Methodism was ninth among Protestant denominations in number of churches in 1775, and third in number of communicants in 1800. It soon advanced to first place in numbers, and easily holds this place at the end of the century. It was only a handful of corn on the top of the mountains at the beginning. How wonderfully has God multiplied it!

It is pertinent to ask, How did it win its success?

Not by immigration, as many other Churches did. Roman Catholics came here from Europe by hundreds of thousands. The Lutheran, Reformed German, and Presbyterian Churches gained immensely by the streams of immigration. But Methodists and Baptists have grown out of American soil and drawn their chief strength from the surrounding elements.

Not by proselytism. We have lost hundreds of thousands of converts; we have gained comparatively few in return from the denominations we have fed. We would like to hold all who are converted at our altars, but we do not feel that our losses have impoverished us, though they have enriched our neighbors.

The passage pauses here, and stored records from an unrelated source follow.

(* Let $d\in\{1,2,3\}$ and let $G$ be a graph with a nonedge $f=uv$. Suppose there is an induced minor model $\{B_x\}$ of a $d$-forbidden graph in $G\cup f$ such that $u\in B_a$, $v\in B_b$ with $a\ne b$ and $f$ is the only edge of $G\cup f$ joining $B_a$ and $B_b$. Then $(G,f)$ does not have the $d$-SIP.
   Context: A linkage $(G,\ell)$: finite simple graph $G$ and $\ell:E(G)\to\mathbb{R}_{\ge0}$ (squared lengths). A $d$-realization is $p:V(G)\to\mathbb{R}^d$ with $\|p(x)-p(y)\|^2=\ell(xy)$ for all $xy\in E(G)$; $\mathcal{C}^d(G,\ell)$ is the set of these. For a nonedge $f=uv$, $\Omega^d_f(G,\ell)=\{\|p(u)-p(v)\|^2:p\in\mathcal{C}^d(G,\ell)\}$; $(G,f)$ has the $d$-SIP if $\Omega^d_f(G,\ell)$ is convex (empty or a closed interval) for every $\ell$. $G\cup f$ adds $f$ as an edge. An induced minor model of $M$ in $H$ is a partition $\{B_x\}_{x\in V(M)}$ of $V(H)$ into nonempty sets each inducing a connected subgraph such that $xy\in E(M)$ iff some edge of $H$ joins $B_x$ and $B_y$. The $d$-forbidden graphs are $K_3$ for $d=1$, $K_4$ for $d=2$, and $K_5$ and $K_{2,2,2}$ for $d=3$. *)

theory Defs
  imports "HOL-Analysis.Analysis"
begin

definition simple_graph :: "'a set \<Rightarrow> 'a set set \<Rightarrow> bool" where
  "simple_graph V E \<longleftrightarrow> finite V \<and>
     (\<forall>e\<in>E. \<exists>x y. x \<noteq> y \<and> x \<in> V \<and> y \<in> V \<and> e = {x, y})"

definition induces_connected :: "'a set set \<Rightarrow> 'a set \<Rightarrow> bool" where
  "induces_connected E S \<longleftrightarrow> S \<noteq> {} \<and>
     (\<forall>x\<in>S. \<forall>y\<in>S. (x, y) \<in> {(a, b). a \<in> S \<and> b \<in> S \<and> {a, b} \<in> E}\<^sup>*)"

definition induced_minor_model ::
  "'b set \<Rightarrow> 'b set set \<Rightarrow> 'a set \<Rightarrow> 'a set set \<Rightarrow> ('b \<Rightarrow> 'a set) \<Rightarrow> bool" where
  "induced_minor_model VM EM VH EH B \<longleftrightarrow>
     (\<forall>x\<in>VM. B x \<noteq> {} \<and> induces_connected EH (B x)) \<and>
     (\<Union>x\<in>VM. B x) = VH \<and>
     (\<forall>x\<in>VM. \<forall>y\<in>VM. x \<noteq> y \<longrightarrow> B x \<inter> B y = {}) \<and>
     (\<forall>x\<in>VM. \<forall>y\<in>VM. x \<noteq> y \<longrightarrow>
        ({x, y} \<in> EM \<longleftrightarrow> (\<exists>p\<in>B x. \<exists>q\<in>B y. {p, q} \<in> EH)))"

text \<open>Realizations of the linkage (G, l) in the Euclidean space real^'n
  (d = CARD('n)); l gives squared lengths.\<close>
definition realizations :: "'n itself \<Rightarrow> 'a set set \<Rightarrow> ('a set \<Rightarrow> real) \<Rightarrow> ('a \<Rightarrow> real^'n::finite) set" where
  "realizations _ E l = {p. \<forall>x y. {x, y} \<in> E \<longrightarrow> (norm (p x - p y))\<^sup>2 = l {x, y}}"

definition Omega :: "'n::finite itself \<Rightarrow> 'a set set \<Rightarrow> ('a set \<Rightarrow> real) \<Rightarrow> 'a \<Rightarrow> 'a \<Rightarrow> real set" where
  "Omega T E l u v = {(norm (p u - p v))\<^sup>2 | p. p \<in> realizations T E l}"

definition has_SIP :: "'n::finite itself \<Rightarrow> 'a set set \<Rightarrow> 'a \<Rightarrow> 'a \<Rightarrow> bool" where
  "has_SIP T E u v \<longleftrightarrow> (\<forall>l. (\<forall>e\<in>E. l e \<ge> 0) \<longrightarrow> convex (Omega T E l u v))"

definition complete_graph :: "nat \<Rightarrow> nat set \<times> nat set set" where
  "complete_graph n = ({0..<n}, {{i, j} | i j. i < n \<and> j < n \<and> i \<noteq> j})"

text \<open>K_{2,2,2} with parts {0,1}, {2,3}, {4,5}.\<close>
definition K222 :: "nat set \<times> nat set set" where
  "K222 = ({0..<6}, {{i, j} | i j. i < 6 \<and> j < 6 \<and> i div 2 \<noteq> j div 2})"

Not because of wealth, social prestige, ecclesiastical antiquity, or what an historian calls "the aristocracy of education and position." Other Churches had these; we began with nothing but a needy field and earnest men, full of the Holy Ghost and flaming with zeal for the Gospel.

Not by our machinery and methods. These were powerful, even providential, aids; but if we ever come to depend on these alone Methodism will be a great system of enginery, with wheels, pulleys, cogs, and joints, all silent and inert, because the boilers are cold. It was not our itinerancy, our class meetings, our Conferences, or our methods which gave us success.

Our hosts have been won, by the power of the Gospel manifested in a real, religious experience, from the vast classes of unconverted persons. We have regarded these, wherever we found them, as legitimate prey. We count it a special honor that our millions are trophies won for Christ from the masses of godless, indifferent, unconverted persons. The late Dr. John Hall once said that he specially honored the Methodist Church for the importance it attaches to conversion. The power of Methodism is spiritual in its nature.

I do not believe a greater boon could be asked for our Church in the twentieth century than that it might continue to regard it as its special task to call men and women to repentance and insist upon an experience such as our fathers enjoyed and we profess.